4 The result of E1 << E2 is E1 left-shifted E2 bit positions; vacated bits are filled with zeros. If E1 has an unsigned type, the value of the result is E1 × 2^E2 , reduced modulo one more than the maximum value representable in the result type. If E1 has a signed type and nonnegative value, and E1 × 2^E2 is representable in the result type, then that is the resulting value; otherwise, the behavior is undefined.

Q2: The reduction modulo one more than the maximum value representable in the unsigned integer type means that the bits that are shifted out on the left are simply discarded.

Mathematically, if the maximal value of the unsigned type is 2^n - 1 (and it is always of that form), the result of shifting E1 left by E2 bits is the value V in the range from 0 to 2^n - 1 such that the difference

(E1 * 2^E2 - V)

is divisible by 2^n , that is, it's the remainder you get when dividing E1 * 2^E2 by 2^n .

Q3: The behaviour upon shifting right negative values of signed integer types is implementation-defined.

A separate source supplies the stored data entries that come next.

locale idempotent_lifting =
  fixes C J I :: "'a::ring_1 set" and K :: "'b::ring_1 set"
    and f :: "'a \<Rightarrow> 'b" and g :: "'b \<Rightarrow> 'a"
  assumes C_ideal: "two_sided_ideal C" and J_ideal: "two_sided_ideal J"
    and K_ideal: "two_sided_ideal K"
    and g_add: "\<And>v w. g (v + w) = g v + g w"
    and g_range: "\<And>v. g v \<in> set_plus_ring C J"
    and CJ_mult_in_I: "\<And>x c. x \<in> C \<inter> J \<Longrightarrow> c \<in> C \<Longrightarrow> x * c \<in> I"
    and f_I: "\<And>x. x \<in> I \<Longrightarrow> f x \<in> K"
    and f_surj: "f ` C = UNIV"
    and f_mult: "\<And>x y. x \<in> C \<Longrightarrow> y \<in> C \<Longrightarrow> f (x * y) - f x * f y \<in> K"
    and g_mult: "\<And>v w. g (v * w) - g v * g w \<in> J"
    and g_f: "\<And>c. c \<in> C \<Longrightarrow> g (f c) - c \<in> J"
begin

lemma g_diff: "g (v - w) = g v - g w"
  using g_add[of "v - w" w] by (simp add: algebra_simps)

lemma mem_K_if_g_mem_J:
  assumes "g v \<in> J"
  shows "v \<in> K"
proof -
  obtain x where x: "x \<in> C" "v = f x" using f_surj by (metis UNIV_I imageE)
  obtain u where u: "u \<in> C" "f u = 1" using f_surj by (metis UNIV_I imageE)
  have "g (f x) - (g (f x) - x) \<in> J"
    using assms x g_f two_sided_ideal_diff[OF J_ideal] by blast
  then have "x * u \<in> I" using x u CJ_mult_in_I by simp
  then have "f (x * u) - (f (x * u) - f x * f u) \<in> K"
    using f_I f_mult x u two_sided_ideal_diff[OF K_ideal] by blast
  then show ?thesis using x u by simp
qed

lemma g_mult3: "g (u * v * w) - g u * g v * g w \<in> J"
proof -
  have "g (u * v) * g w - g u * g v * g w \<in> J"
    using two_sided_ideal_mult_right[OF J_ideal g_mult] by (simp add: left_diff_distrib)
  then show ?thesis by (rule two_sided_ideal_diff_trans[OF J_ideal g_mult])
qed

lemma g_right_inverse:
  assumes "g z - w \<in> J" "z * y = b"
  shows "g b - w * g y \<in> J"
proof -
  have "g z * g y - w * g y \<in> J"
    using two_sided_ideal_mult_right[OF J_ideal assms(1)] by (simp add: left_diff_distrib)
  then show ?thesis using two_sided_ideal_diff_trans[OF J_ideal g_mult[of z y]] assms(2) by simp
qed

lemma local_image_dichotomy:
  assumes b: "local_idem b" and e: "g b * g b = g b"
    and a: "a * a = a" "a * g b = a" "g b * a = a"
    and x: "x = b * x * b" "g x - a \<in> J"
  shows "g b - a \<in> J \<or> a \<in> J"
proof -
  have bb: "b * b = b" using b unfolding local_idem_def by blast
  have "b - x = b * (b - x) * b" using bb x(1) by (simp add: algebra_simps)
  then have "corner_unit b x \<or> corner_unit b (b - x)"
    using local_idem_corner_unit_summand[OF b x(1)] by simp
  then show ?thesis
  proof
    assume "corner_unit b x"
    then obtain y where "x * y = b" unfolding corner_unit_def by blast
    then have "(g b - a) * (g b - a * g y) \<in> J"
      using g_right_inverse[OF x(2)] two_sided_ideal_mult_left[OF J_ideal] by blast
    moreover have "(g b - a) * (g b - a * g y) = g b - a"
      using e a by (simp add: algebra_simps flip: mult.assoc)
    ultimately show ?thesis by simp
  next
    assume "corner_unit b (b - x)"
    then obtain y where "(b - x) * y = b" unfolding corner_unit_def by blast
    moreover have "g (b - x) - (g b - a) \<in> J"
      using x(2) two_sided_ideal_uminus[OF J_ideal] by (fastforce simp: g_diff)
    ultimately have "a * (g b - (g b - a) * g y) \<in> J"
      using g_right_inverse two_sided_ideal_mult_left[OF J_ideal] by blast
    moreover have "a * (g b - (g b - a) * g y) = a"
      using a by (simp add: algebra_simps flip: mult.assoc)
    ultimately show ?thesis by simp
  qed
qed

lemma distinguished_summand:
  assumes b: "local_idem b" "b \<notin> K" and e: "g b * g b = g b"
    and as: "local_decomp (g b) as"
  shows "\<exists>j<length as. as ! j \<in> C \<and> as ! j \<notin> C \<inter> J \<and>
           (\<forall>k<length as. as ! k \<in> C \<and> as ! k \<notin> C \<inter> J \<longrightarrow> k = j) \<and>
           g b - as ! j \<in> J \<and> f (as ! j) - b \<in> K"
proof -
  have "\<not> set as \<subseteq> J"
    using as b(2) mem_K_if_g_mem_J two_sided_ideal_sum_list[OF J_ideal]
    unfolding local_decomp_def by metis
  then obtain i where i: "i < length as" "as ! i \<notin> J" by (metis in_set_conv_nth subsetI)
  define a where "a = as ! i"
  have a_local: "local_idem a" using as i unfolding local_decomp_def a_def by blast
  then have aa: "a * a = a" unfolding local_idem_def by blast
  have ae: "a * g b = a" and ea: "g b * a = a"
    using local_decomp_absorb[OF as i(1)] by (simp_all add: a_def)
  have "a \<in> set_plus_ring C J"
    using set_plus_ring_mult_left[OF C_ideal J_ideal g_range] ae by metis
  then have aC: "a \<in> C"
    using local_idem_mem_ideal_sum[OF C_ideal J_ideal a_local] i(2) a_def by blast
  have "g b * (g (f a) - a) * g b \<in> J"
    using g_f[OF aC] two_sided_ideal_mult_left[OF J_ideal] two_sided_ideal_mult_right[OF J_ideal]
    by blast
  then have "g (b * f a * b) - g b * a * g b \<in> J"
    using two_sided_ideal_diff_trans[OF J_ideal g_mult3] by (simp add: algebra_simps)
  then have "g (b * f a * b) - a \<in> J" using ae ea by simp
  moreover have "b * f a * b = b * (b * f a * b) * b"
    using b(1) unfolding local_idem_def by (metis mult.assoc)
  ultimately have eJ: "g b - a \<in> J"
    using local_image_dichotomy[OF b(1) e aa ae ea] i(2) a_def by blast
  have unique: "k = i" if k: "k < length as" "as ! k \<notin> J" for k
  proof (rule ccontr)
    assume "k \<noteq> i"
    then have "as ! k * a = 0" using as k i unfolding local_decomp_def a_def by blast
    then have "as ! k * (g b - a) = as ! k"
      using local_decomp_absorb(1)[OF as k(1)] by (simp add: algebra_simps)
    with k(2) show False using two_sided_ideal_mult_left[OF J_ideal eJ] by metis
  qed
  have "g (f a - b) \<in> J"
    using two_sided_ideal_diff[OF J_ideal g_f[OF aC] eJ] by (simp add: g_diff)
  then have "f a - b \<in> K" by (rule mem_K_if_g_mem_J)
  then show ?thesis using i aC eJ unique a_def by blast
qed

end

theorem proposition4p7:
  fixes smA :: "'r::comm_ring_1 \<Rightarrow> 'a::ring_1 \<Rightarrow> 'a"
    and smB :: "'r \<Rightarrow> 'b::ring_1 \<Rightarrow> 'b"
    and C J I :: "'a set" and K :: "'b set"
    and f :: "'a \<Rightarrow> 'b" and g :: "'b \<Rightarrow> 'a"
    and b :: 'b
  assumes algA: "is_algebra smA" and algB: "is_algebra smB"
    and C_ideal: "two_sided_ideal C" and J_ideal: "two_sided_ideal J"
    and I_ideal: "ideal_of_sub smA C I" and K_ideal: "two_sided_ideal K"
    and f_lin: "linear_on smA smB C f"
    and g_lin: "linear_on smB smA UNIV g"
    and g_range: "\<forall>v. g v \<in> set_plus_ring C J"
    and h1a: "\<forall>x\<in>C \<inter> J. \<forall>c\<in>C. x * c \<in> I"
    and h1b: "\<forall>c\<in>C. \<forall>x\<in>C \<inter> J. c * x \<in> I"
    and h1c: "I \<subseteq> C \<inter> J"
    and h2: "\<forall>k\<in>K. g k \<in> J"
    and h3: "\<forall>x\<in>I. f x \<in> K"
    and h4: "f ` C = UNIV"
    and h5: "\<forall>e. idem e \<longrightarrow> idem (g e)"
    and h6f: "\<forall>x\<in>C. \<forall>y\<in>C. f (x * y) - f x * f y \<in> K"
    and h6g: "\<forall>v w. g (v * w) - g v * g w \<in> J"
    and h7: "\<forall>c\<in>C. g (f c) - c \<in> J"
    and h8: "krull_schmidt_idems TYPE('a)"
    and b_local: "local_idem b" and b_notK: "b \<notin> K"
  shows "g b \<in> set_plus_ring C J \<and>
         (\<exists>as. local_decomp (g b) as) \<and>
         (\<forall>as. local_decomp (g b) as \<longrightarrow>
            (\<exists>j<length as. as ! j \<in> C \<and> as ! j \<notin> C \<inter> J \<and>
               (\<forall>k<length as. as ! k \<in> C \<and> as ! k \<notin> C \<inter> J \<longrightarrow> k = j) \<and>
               g b - as ! j \<in> J \<and> f (as ! j) - b \<in> K))"
proof -
  interpret idempotent_lifting C J I K f g
    using C_ideal J_ideal K_ideal g_lin g_range h1a h3 h4 h6f h6g h7
    by unfold_locales (auto simp: linear_on_def)
  have e: "g b * g b = g b"
    using h5 b_local unfolding idem_def local_idem_def by blast
  then have "\<exists>as. local_decomp (g b) as"
    using h8 unfolding krull_schmidt_idems_def idem_def by blast
  then show ?thesis
    using g_range distinguished_summand[OF b_local b_notK e] by blast
qed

The most common behaviour (at least on two's complement machines) is an arithmetic shift, that is, the result is the quotient rounded down (towards negative infinity).

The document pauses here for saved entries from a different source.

(* Let $q$ be a power of an odd prime, write $q-1=2^s r$ with $r$ odd, let $c\in\mathbb{F}_q^*$, and $f(X)=c(X^{q+1}-X^2)$ on $\mathbb{F}_{q^2}$. Then for every divisor $d$ of $r$ there are $\frac{\varphi(d)(q-1)}{2\,\mathrm{ord}_{3d}(4)}$ cycles of length $2\,\mathrm{ord}_{3d}(4)$ in the functional graph of $f$, and these are the only cycles of length greater than $1$.
   Context: The functional graph of $f$ is the directed graph on $\mathbb{F}_{q^2}$ with edges $x\to f(x)$. $\varphi$ is Euler's totient function and $\mathrm{ord}_m(n)$ is the multiplicative order of $n$ modulo $m$. *)

theory Defs
  imports "HOL-Number_Theory.Number_Theory"
begin

definition has_least_period :: "('a \<Rightarrow> 'a) \<Rightarrow> nat \<Rightarrow> 'a \<Rightarrow> bool" where
  "has_least_period f n x \<longleftrightarrow> 0 < n \<and> (f ^^ n) x = x \<and> (\<forall>m. 0 < m \<and> m < n \<longrightarrow> (f ^^ m) x \<noteq> x)"

definition cycles_of_length :: "('a \<Rightarrow> 'a) \<Rightarrow> nat \<Rightarrow> 'a set set" where
  "cycles_of_length f n = {{(f ^^ i) x | i. i < n} | x. has_least_period f n x}"

end

theory Submission
  imports Defs "HOL-Combinatorics.Orbits"
begin

(* Write f x = c x skew x with skew x = x^q - x, and let tr x = x + x^q. Since tr x and
   (skew x)^2 lie in F_q, the F_q-valued multiplier  m x = -c^3 (tr x) (skew x)^2  satisfies
   f (f x) = m x * x  and  m (f (f x)) = (m x)^4,  hence  f^(2n) x = (m x)^((4^n - 1)/3) * x.
   An odd iterate never returns to x when m x is nonzero: it would give a^2 c skew x = 1 with a in
   F_q, but the q-th power of the left side is its negative. Points with m x = 0 reach 0 after two
   steps. So x has least period L > 1 iff m x is nonzero and L = 2 ord_(3d)(4), d the order of m x;
   such an order exists only for odd d, and d divides q - 1, so d divides r. Finally skew is a
   bijection from each fibre of m over F_q^* onto the q - 1 elements y with y^q = -y, and F_q^*
   has totient d elements of order d. *)

section \<open>Cycles of a self-map\<close>

lemma card_orbit_if_has_least_period:
  assumes "has_least_period f n x"
  shows "card (orbit f x) = n"
proof -
  have n: "0 < n" "(f ^^ n) x = x" and least: "\<And>m. 0 < m \<Longrightarrow> m < n \<Longrightarrow> (f ^^ m) x \<noteq> x"
    using assms by (auto simp: has_least_period_def)
  have "inj_on (\<lambda>i. (f ^^ i) x) {..<n}"
  proof (rule inj_onI, rule ccontr)
    fix a b assume a: "a \<in> {..<n}" and b: "b \<in> {..<n}" and eq: "(f ^^ a) x = (f ^^ b) x" and "a \<noteq> b"
    have *: "(f ^^ (n - j + i)) x = x" if "i < j" "j < n" "(f ^^ i) x = (f ^^ j) x" for i j
    proof -
      have "(f ^^ (n - j + i)) x = (f ^^ (n - j)) ((f ^^ i) x)"
        by (simp only: funpow_add comp_apply)
      also have "\<dots> = (f ^^ (n - j + j)) x"
        using that(3) by (simp only: funpow_add comp_apply)
      also have "\<dots> = x"
        using that(2) n(2) by simp
      finally show ?thesis .
    qed
    show False
      using \<open>a \<noteq> b\<close> least *[of a b] *[of b a] a b eq by (cases "a < b") auto
  qed
  moreover have "orbit f x = (\<lambda>i. (f ^^ i) x) ` {..<n}"
    using orbit_altdef_bounded[OF n(2) n(1)] by auto
  ultimately show ?thesis
    by (simp add: card_image)
qed

lemma has_least_period_Least:
  assumes "(f ^^ m) x = x" and "0 < m"
  shows "has_least_period f (LEAST m. 0 < m \<and> (f ^^ m) x = x) x"
proof -
  let ?l = "LEAST m. 0 < m \<and> (f ^^ m) x = x"
  have "0 < ?l \<and> (f ^^ ?l) x = x"
    by (rule LeastI[of _ m]) (use assms in simp)
  moreover have "(f ^^ k) x \<noteq> x" if "0 < k" and "k < ?l" for k
    using not_less_Least[OF that(2)] that(1) by blast
  ultimately show ?thesis
    unfolding has_least_period_def by blast
qed

lemma has_least_period_iff_card_orbit:
  "has_least_period f n x \<longleftrightarrow> x \<in> orbit f x \<and> card (orbit f x) = n"
proof
  assume per: "has_least_period f n x"
  then have "x = (f ^^ n) x \<and> 0 < n"
    by (simp add: has_least_period_def)
  then have "x \<in> orbit f x"
    unfolding orbit_altdef by blast
  then show "x \<in> orbit f x \<and> card (orbit f x) = n"
    using card_orbit_if_has_least_period[OF per] by simp
next
  assume x: "x \<in> orbit f x \<and> card (orbit f x) = n"
  have "\<exists>m. 0 < m \<and> (f ^^ m) x = x"
    using x by (force simp: orbit_altdef)
  then obtain m where "(f ^^ m) x = x" and "0 < m"
    by blast
  then have per: "has_least_period f (LEAST m. 0 < m \<and> (f ^^ m) x = x) x"
    by (rule has_least_period_Least)
  then have "n = (LEAST m. 0 < m \<and> (f ^^ m) x = x)"
    using card_orbit_if_has_least_period[OF per] x by simp
  then show "has_least_period f n x"
    using per by simp
qed

lemma orbit_eq_if_mem_periodic_orbit:
  assumes x: "x \<in> orbit f x" and y: "y \<in> orbit f x"
  shows "orbit f y = orbit f x"
proof
  show "orbit f y \<subseteq> orbit f x"
    using orbit_trans[OF _ y] by blast
  have "x \<in> orbit f y"
    using orbit_swap[OF x y] .
  then show "orbit f x \<subseteq> orbit f y"
    using orbit_trans[of _ f x y] by blast
qed

lemma cycles_of_length_eq_orbits:
  "cycles_of_length f n = orbit f ` {x. has_least_period f n x}"
proof -
  have "orbit f x = {(f ^^ i) x | i. i < n}" if "has_least_period f n x" for x
    using that by (simp add: has_least_period_def orbit_altdef_bounded)
  then show ?thesis
    unfolding cycles_of_length_def by auto
qed

lemma card_cycles_of_length:
  fixes f :: "'a::finite \<Rightarrow> 'a"
  shows "n * card (cycles_of_length f n) = card {x. has_least_period f n x}"
proof -
  let ?P = "{x. has_least_period f n x}"
  have periodic: "x \<in> orbit f x" "card (orbit f x) = n" if "x \<in> ?P" for x
    using that by (simp_all add: has_least_period_iff_card_orbit)
  have closed: "y \<in> ?P" if "x \<in> ?P" and "y \<in> orbit f x" for x y
    using that periodic orbit_eq_if_mem_periodic_orbit
    by (metis has_least_period_iff_card_orbit mem_Collect_eq)
  have "n * card (orbit f ` ?P) = card (\<Union> (orbit f ` ?P))"
  proof (rule card_partition)
    show "card c = n" if "c \<in> orbit f ` ?P" for c
      using that periodic by auto
    show "c1 \<inter> c2 = {}" if c1: "c1 \<in> orbit f ` ?P" and c2: "c2 \<in> orbit f ` ?P"
      and distinct: "c1 \<noteq> c2" for c1 c2
    proof (rule ccontr)
      obtain x1 x2 where x: "x1 \<in> ?P" "x2 \<in> ?P" and c: "c1 = orbit f x1" "c2 = orbit f x2"
        using c1 c2 by blast
      assume "c1 \<inter> c2 \<noteq> {}"
      then obtain z where "z \<in> orbit f x1" "z \<in> orbit f x2"
        using c by blast
      then have "orbit f x1 = orbit f x2"
        using orbit_eq_if_mem_periodic_orbit periodic(1) x by metis
      then show False
        using distinct c by simp
    qed
  qed simp_all
  also have "\<Union> (orbit f ` ?P) = ?P"
    using periodic(1) closed by blast
  finally show ?thesis
    by (simp add: cycles_of_length_eq_orbits)
qed


section \<open>Finite fields\<close>

text \<open>The field \<open>'a\<close> as a HOL-Algebra ring, to reuse the library's theory of element orders
  in finite groups.\<close>

definition field_ring :: "'a::field ring" where
  "field_ring = \<lparr>carrier = UNIV, mult = (*), one = 1, zero = 0, add = (+)\<rparr>"

lemma field_ring_simps [simp]:
  "carrier field_ring = UNIV"
  "\<zero>\<^bsub>field_ring\<^esub> = 0" "\<one>\<^bsub>field_ring\<^esub> = 1"
  "x \<otimes>\<^bsub>field_ring\<^esub> y = x * y" "x \<oplus>\<^bsub>field_ring\<^esub> y = x + y"
  by (simp_all add: field_ring_def)

lemma field_field_ring: "field (field_ring :: 'a::field ring)"
proof -
  have "cring (field_ring :: 'a ring)"
    unfolding field_ring_def
    by unfold_locales (auto simp: algebra_simps Units_def intro: exI[of _ "- x" for x])
  moreover have "Units (field_ring :: 'a ring) = carrier field_ring - {\<zero>\<^bsub>field_ring\<^esub>}"
    by (auto simp: Units_def) (metis left_inverse right_inverse)
  ultimately show ?thesis
    by (rule cring.cring_fieldI)
qed

abbreviation field_units :: "'a::field monoid" where
  "field_units \<equiv> mult_of field_ring"

text \<open>For \<open>x = 0\<close>, which lies outside the group, \<open>mult_order x\<close> is a junk value.\<close>

definition mult_order :: "'a::field \<Rightarrow> nat" where
  "mult_order x = group.ord field_units x"

lemma group_field_units: "group (field_units :: 'a::field monoid)"
  using field.field_mult_group[OF field_field_ring] .

lemma pow_field_ring [simp]: "x [^]\<^bsub>field_ring\<^esub> (n::nat) = (x::'a::field) ^ n"
  by (induction n) simp_all

lemma pow_field_units [simp]: "x [^]\<^bsub>field_units\<^esub> (n::nat) = (x::'a::field) ^ n"
  by (simp add: nat_pow_mult_of)

lemma order_field_units:
  "order (field_units :: 'a::{field,finite} monoid) = card (UNIV :: 'a set) - 1"
  by (simp add: order_def card_Diff_subset)

lemma power_eq_1_iff_mult_order_dvd:
  assumes "x \<noteq> 0"
  shows "x ^ n = 1 \<longleftrightarrow> mult_order x dvd n"
  using group.pow_eq_id[OF group_field_units, of x n] assms by (simp add: mult_order_def)

lemma power_card_minus_1_eq_1:
  assumes "(x::'a::{field,finite}) \<noteq> 0"
  shows "x ^ (card (UNIV :: 'a set) - 1) = 1"
  using group.pow_order_eq_1[OF group_field_units, of x] assms
  by (simp add: order_field_units)

lemma power_card_eq_self: "(x::'a::{field,finite}) ^ card (UNIV :: 'a set) = x"
proof (cases "x = 0")
  case False
  then show ?thesis
    using power_card_minus_1_eq_1[OF False] power_Suc2[of x "card (UNIV :: 'a set) - 1"]
      finite_UNIV_card_ge_0[where 'a = 'a] by simp
qed (simp add: finite_UNIV_card_ge_0)

lemma two_le_card_UNIV_field: "2 \<le> card (UNIV :: 'a::{field,finite} set)"
  using card_mono[of "UNIV :: 'a set" "{0, 1}"] by simp

lemma card_mult_order_eq_totient:
  assumes d: "d dvd card (UNIV :: 'a::{field,finite} set) - 1"
  shows "card {x::'a. x \<noteq> 0 \<and> mult_order x = d} = totient d"
proof -
  interpret R: field "field_ring :: 'a ring"
    by (rule field_field_ring)
  interpret G: group "field_units :: 'a monoid"
    by (rule group_field_units)
  have "finite (carrier (field_ring :: 'a ring))"
    by simp
  from R.finite_field_mult_group_has_gen[OF this] obtain a :: 'a
    where a: "a \<in> carrier field_units"
      and gen: "carrier field_units = {a [^]\<^bsub>field_ring\<^esub> i | i::nat. i \<in> UNIV}"
    by blast
  have "generate field_units {a} = carrier field_units"
    using G.generate_pow_on_finite_carrier[OF _ a] gen by simp
  then have "G.ord a = card (UNIV - {0::'a})"
    using G.generate_pow_card[OF a] by simp
  then have ord_a: "G.ord a = card (UNIV :: 'a set) - 1"
    by (simp add: card_Diff_subset)
  obtain k where k: "card (UNIV :: 'a set) - 1 = d * k"
    using d by blast
  have "d * k \<noteq> 0"
    using k two_le_card_UNIV_field[where 'a = 'a] by linarith
  then have "k \<noteq> 0" "d \<noteq> 0"
    by simp_all
  then have "G.ord (a [^]\<^bsub>field_units\<^esub> k) = d"
    using G.ord_pow[OF a, of k] ord_a k by simp
  then have "card {x \<in> carrier field_units. G.ord x = d} = phi' d"
    using a d by (intro R.num_elems_of_ord_eq_phi') (auto simp: order_field_units)
  moreover have "phi' d = totient d"
    unfolding phi'_def totient_def totatives_def by (rule arg_cong[where f = card]) auto
  ultimately show ?thesis
    by (simp add: mult_order_def conj_commute)
qed

lemma card_roots_of_unity:
  assumes m: "m dvd card (UNIV :: 'a::{field,finite} set) - 1"
  shows "card {x::'a. x \<noteq> 0 \<and> x ^ m = 1} = m"
proof -
  have "m \<noteq> 0"
    using m two_le_card_UNIV_field[where 'a = 'a] by (intro notI) simp
  have "{x::'a. x \<noteq> 0 \<and> x ^ m = 1} = (\<Union>d \<in> {d. d dvd m}. {x. x \<noteq> 0 \<and> mult_order x = d})"
    using power_eq_1_iff_mult_order_dvd by auto
  also have "card \<dots> = (\<Sum>d | d dvd m. card {x::'a. x \<noteq> 0 \<and> mult_order x = d})"
    by (rule card_UN_disjoint) (use \<open>m \<noteq> 0\<close> in auto)
  also have "\<dots> = (\<Sum>d | d dvd m. totient d)"
    using m by (intro sum.cong refl card_mult_order_eq_totient) (auto dest: dvd_trans)
  also have "\<dots> = m"
    by (rule totient_divisor_sum)
  finally show ?thesis .
qed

5 The result of E1 >> E2 is E1 right-shifted E2 bit positions. If E1 has an unsigned type or if E1 has a signed type and a nonnegative value, the value of the result is the integral part of the quotient of E1 / 2^E2 . If E1 has a signed type and a negative value, the resulting value is implementation-defined.

Answer 2

• Re: Q1
  If E1 is negative, the behavior is undefined.

• Re: Q2
  Unsigned arithmetic is "cyclic", that is, it wraps around so UINT_MAX + 1 is 0 again. It's as if every calculation was done modulo UINT_MAX+1. Another way to think about it is that excess bits that don't fit in on the left are simply dropped.

• Re: Q3
  If E1 is negative, the result is implementation-defined. That is, it depends on your machine/compiler/options, but the behavior has to be documented ("defined") somewhere, ususally the compiler manual. Two popular choices are to fill the incoming bits on the left with 1 (arithmetic shift) or with 0 (logical shift).

Answer 3

If you really want to understand the bitwise shift operators. Look at these simple rules:

1) In left shift, E1 << E2, all the vacant bits on right side will be filled by zeroes, does not matter if the number is signed or unsigned, always zeroes will be shifted in.

2) In left shift, E1 >> E2, all the vacant bits on left side, will be 0 if number is positive, and will be 1 if number is negative.Keep in mind that an unsigned number is never negative. Also some implementations might also fill them with 0 on some machines even if number is negative, so never rely on this.

All other scenarios could be explained by these two simple rules. Now if you want to know the value of result after shifting , just write the bit representation of number and shift manually on paper and enter bits at vacant spaces using these two rules. Then you would be able to understand better how bit shifting works.

For example lets take int i = 7;
i<<2
now i = 0000 0000 0000 0000 0000 0000 0000 0111
perform two left shits according to rule 1 would be:

0000 0000 0000 0000 0000 0000 0001 1100

which will give it value of 28 ( E1 * 2E2 = 7 *2*2 = 28), which is same as representated by bit pattern.

Now let me explain the "reduced modulo" thing, well if you are shifting a big number, than the bits on left hand side will be lost, "reduced modulo" compensates for it, So if your resultant value if greater than the maximum value that the data type could hold, the bits on left will be lost , and then: result = (E1*2*E2) % ( maximumValue + 1).

For various other cases, just keep the above rules in mind , and you are good :)

Answer 4

Q2：“降值模数X”在数学中表示“值mod X”，可以在C中写为“value％X”。这部分只是解释整数溢出是如何工作的。